La sfida federalista e il ruolo dei comuni
Il Secolo XIX – 11 ottobre 2009 – La crisi economica è un test di affidabilità per tutti i soggetti pubblici, anche per gli enti locali.
L’indagine del Censis “La sfida del federalismo” mette in evidenza il loro impegno contro la crisi. Il 94,1% dei Comuni è intervenuto con “pacchetti anticrisi”: potenziamento del welfare per le fasce deboli, interventi per le piccole imprese, tavoli di concertazione con altre istituzioni e forze sociali. E’ accaduto anche alla Spezia.
Se la globalizzazione, sostiene il Censis, sembrava aver cancellato il territorio e imposto il primato del singolo -impresa, lavoratore-, proprio la crisi sta riportando “alla riscoperta del territorio come dimensione strategica di competitività del sistema”. Le modalità con cui i poteri locali si sono attivati costituiscono “un concreto operare del federalismo” e “ un’assunzione di responsabilità” che li candida a svolgere, contro il neocentralismo regionale, un ruolo significativo nel futuro assetto federalista: “un federalismo che parte dal basso, dai soggetti attivi sul territorio e dal ruolo delle autonomie locali”.
Si ripropone così una storia amministrativa che vede le identità collettive formarsi dentro i soggetti locali, con un protagonismo dei Comuni e non delle Regioni, che esistono solo dall’atto costituente del 1948: un’invenzione recente, alla quale in molti casi non corrisponde una chiara identità culturale o linguistica o religiosa. I tentativi della Lega di fornire a posteriori ad alcune Regioni una coloritura nazional-folkloristica sono privi di ogni fondamento storico e quindi molto goffi.
La conclusione del Censis è condivisibile, ma va inserita in un ragionamento più ampio: con la crisi, infatti, si è tornati a considerare anche lo Stato nazionale come un nodo non superabile della rete di poteri che cercano di governare la globalizzazione. E quella attuale è una fase economica caratterizzata anche da un bisogno di statualità e di politiche pubbliche nazionali.
Il dibattito sulla forma dello Stato non può non tenerne conto: l’Italia non deve abbandonare la scelta federalista del 2001, ma scegliere un federalismo fondato sulla cooperazione -non sulla competizione- tra i diversi livelli di governo, nel quale allo Stato è riconosciuto un forte ruolo di coordinamento, per evitare le disuguaglianze e garantire a tutti i diritti essenziali. Oggi, con la crisi, più che mai.
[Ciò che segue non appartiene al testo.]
(* Let $m$ and $e$ be positive integers with $e\mid m$. Then the greatest common divisor of the integers $(l-1)\frac{m}{e(l)}$, as $l$ ranges over the primes dividing $e$, divides $(e-1)\frac{m}{e}$.
   Context: For a positive integer $t$ and a prime $l$, $t(l)$ denotes the largest power of $l$ dividing $t$. *)

theory Defs
  imports "HOL-Computational_Algebra.Primes"
begin

text \<open>t(l): the largest power of the prime l dividing the positive integer t.\<close>
definition ppart :: "nat \<Rightarrow> nat \<Rightarrow> nat" where
  "ppart t l = l ^ multiplicity l t"

end

theory Submission
  imports Defs "HOL-Number_Theory.Number_Theory"
begin

text \<open>
  Write \<open>m = c e\<close>; every term carries the factor \<open>c\<close>, so it suffices to treat \<open>m = e\<close>.
  Let \<open>G\<close> be the gcd of the numbers \<open>(l - 1) e/e(l)\<close>. A prime \<open>p\<close> dividing \<open>e\<close> divides
  neither \<open>p - 1\<close> nor \<open>e/e(p)\<close>, so \<open>G\<close> is coprime to \<open>e\<close>, hence to every \<open>e/e(l)\<close>; therefore
  \<open>G\<close> divides each \<open>l - 1\<close>. Thus all prime factors of \<open>e\<close> are \<open>1\<close> modulo \<open>G\<close>, hence so is
  \<open>e\<close>, i.e. \<open>G\<close> divides \<open>e - 1\<close>.
\<close>

definition ppart_cofactor_terms :: "nat \<Rightarrow> nat \<Rightarrow> nat set" where
  "ppart_cofactor_terms e m = {(l - 1) * (m div ppart e l) | l. prime l \<and> l dvd e}"

lemma ppart_dvd: "ppart t l dvd t"
  unfolding ppart_def by (rule multiplicity_dvd)

lemma prime_not_dvd_div_ppart:
  assumes "prime p" and "t > 0"
  shows "\<not> p dvd t div ppart t p"
  unfolding ppart_def using assms prime_gt_1_nat[OF assms(1)]
  by (intro multiplicity_decompose) simp_all

lemma cong_1_if_prime_divisors_cong_1:
  fixes n G :: nat
  assumes "n \<noteq> 0" and "\<And>p. prime p \<Longrightarrow> p dvd n \<Longrightarrow> [p = 1] (mod G)"
  shows "[n = 1] (mod G)"
  using assms
proof (induction n rule: prime_divisors_induct)
  case (factor p x)
  then have "[p * x = 1 * 1] (mod G)"
    by (intro cong_mult) (auto intro: dvd_mult2)
  then show ?case by simp
qed simp_all

lemma ppart_cofactor_terms_scale:
  assumes "e dvd m"
  shows "ppart_cofactor_terms e m = (*) (m div e) ` ppart_cofactor_terms e e"
proof -
  define c where "c = m div e"
  have m: "m = c * e" using assms by (simp add: c_def)
  have "(l - 1) * (m div ppart e l) = c * ((l - 1) * (e div ppart e l))" for l
  proof -
    have "m div ppart e l = c * (e div ppart e l)"
      unfolding m by (rule div_mult_swap[OF ppart_dvd, symmetric])
    then show ?thesis by (simp only: mult.left_commute)
  qed
  then have "(\<lambda>l. (l - 1) * (m div ppart e l)) ` {l. prime l \<and> l dvd e}
      = (\<lambda>l. c * ((l - 1) * (e div ppart e l))) ` {l. prime l \<and> l dvd e}"
    by (intro image_cong refl)
  also have "\<dots> = (*) c ` (\<lambda>l. (l - 1) * (e div ppart e l)) ` {l. prime l \<and> l dvd e}"
    by (simp add: image_image)
  finally show ?thesis
    unfolding ppart_cofactor_terms_def setcompr_eq_image c_def .
qed

lemma coprime_Gcd_ppart_cofactor_terms:
  assumes "e > 0"
  shows "coprime (Gcd (ppart_cofactor_terms e e)) e"
proof (rule coprimeI)
  fix p assume pG: "p dvd Gcd (ppart_cofactor_terms e e)" and pe: "p dvd e"
  show "is_unit p"
  proof (rule ccontr)
    assume "\<not> is_unit p"
    then obtain q where q: "prime q" "q dvd p"
      using prime_factor_nat[of p] by auto
    have "Gcd (ppart_cofactor_terms e e) dvd (q - 1) * (e div ppart e q)"
      unfolding ppart_cofactor_terms_def using q pe by (intro Gcd_dvd) (blast intro: dvd_trans)
    then have "q dvd (q - 1) * (e div ppart e q)"
      using q(2) pG by (blast intro: dvd_trans)
    moreover have "\<not> q dvd q - 1"
      using prime_gt_1_nat[OF q(1)] by (intro nat_dvd_not_less) auto
    ultimately show False
      using prime_not_dvd_div_ppart[OF q(1) assms] by (simp add: prime_dvd_mult_iff[OF q(1)])
  qed
qed

lemma Gcd_ppart_cofactor_terms_dvd:
  assumes "e > 0"
  shows "Gcd (ppart_cofactor_terms e e) dvd e - 1"
proof -
  define G where "G = Gcd (ppart_cofactor_terms e e)"
  have "[l = 1] (mod G)" if l: "prime l" "l dvd e" for l
  proof -
    have "coprime G (ppart e l * (e div ppart e l))"
      using coprime_Gcd_ppart_cofactor_terms[OF assms]
      unfolding G_def dvd_mult_div_cancel[OF ppart_dvd] .
    then have "coprime G (e div ppart e l)" by simp
    moreover have "G dvd (l - 1) * (e div ppart e l)"
      unfolding G_def ppart_cofactor_terms_def using l by (intro Gcd_dvd) auto
    ultimately have "G dvd l - 1" by (simp add: coprime_dvd_mult_left_iff)
    then show ?thesis
      using prime_gt_1_nat[OF l(1)] by (simp add: cong_altdef_nat cong_sym_eq)
  qed
  then have "[e = 1] (mod G)"
    using assms by (intro cong_1_if_prime_divisors_cong_1[of e]) auto
  then show ?thesis unfolding G_def by (rule cong_to_1_nat)
qed

theorem mainTheorem12:
  fixes m e :: nat
  assumes "m > 0" and "e > 0" and "e dvd m"
  shows "Gcd {(l - 1) * (m div ppart e l) | l. prime l \<and> l dvd e} dvd (e - 1) * (m div e)"
proof -
  have "Gcd {(l - 1) * (m div ppart e l) | l. prime l \<and> l dvd e}
      = Gcd ((*) (m div e) ` ppart_cofactor_terms e e)"
    using ppart_cofactor_terms_scale[OF assms(3)] by (simp only: ppart_cofactor_terms_def)
  also have "\<dots> = m div e * Gcd (ppart_cofactor_terms e e)"
    by (simp add: Gcd_mult)
  finally show ?thesis
    using Gcd_ppart_cofactor_terms_dvd[OF assms(2)] by (simp add: mult.commute)
qed

end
Tutta la classe dirigente, nazionale e locale, deve essere consapevole dei rischi di una disarticolazione dello Stato in un Paese attraversato da profonde fratture come l’Italia.
C’è poi un altro ragionamento da fare. Se il federalismo parte dai Comuni, occorre fare i conti con la loro adeguatezza -organizzativa, gestionale, finanziaria- ad esercitare i nuovi compiti. Il problema principale è quello delle dimensioni, troppo ridotte: su 8100 Comuni, il 72% ha meno di 5000 abitanti. La strada dell’associazionismo e delle Unioni dei Comuni (non dell’accorpamento) va quindi presa finalmente sul serio. Anche alla Spezia.
Detto questo, la vera domanda è: il Governo vuole davvero un federalismo fondato sui Comuni e cooperativo? C’è da dubitarne. Come ha detto il Presidente dell’Anci Sergio Chiamparino, “in Europa siamo il Paese dove si parla di più di federalismo, ma l’unico in cui i Comuni non hanno un’autonomia impositiva”. Cancellata l’Ici, senza tra l’altro reintegrare del tutto le risorse, o si dice quale sarà la fonte di reddito autonoma dei Comuni, o non si vuole sul serio una riforma in senso federale.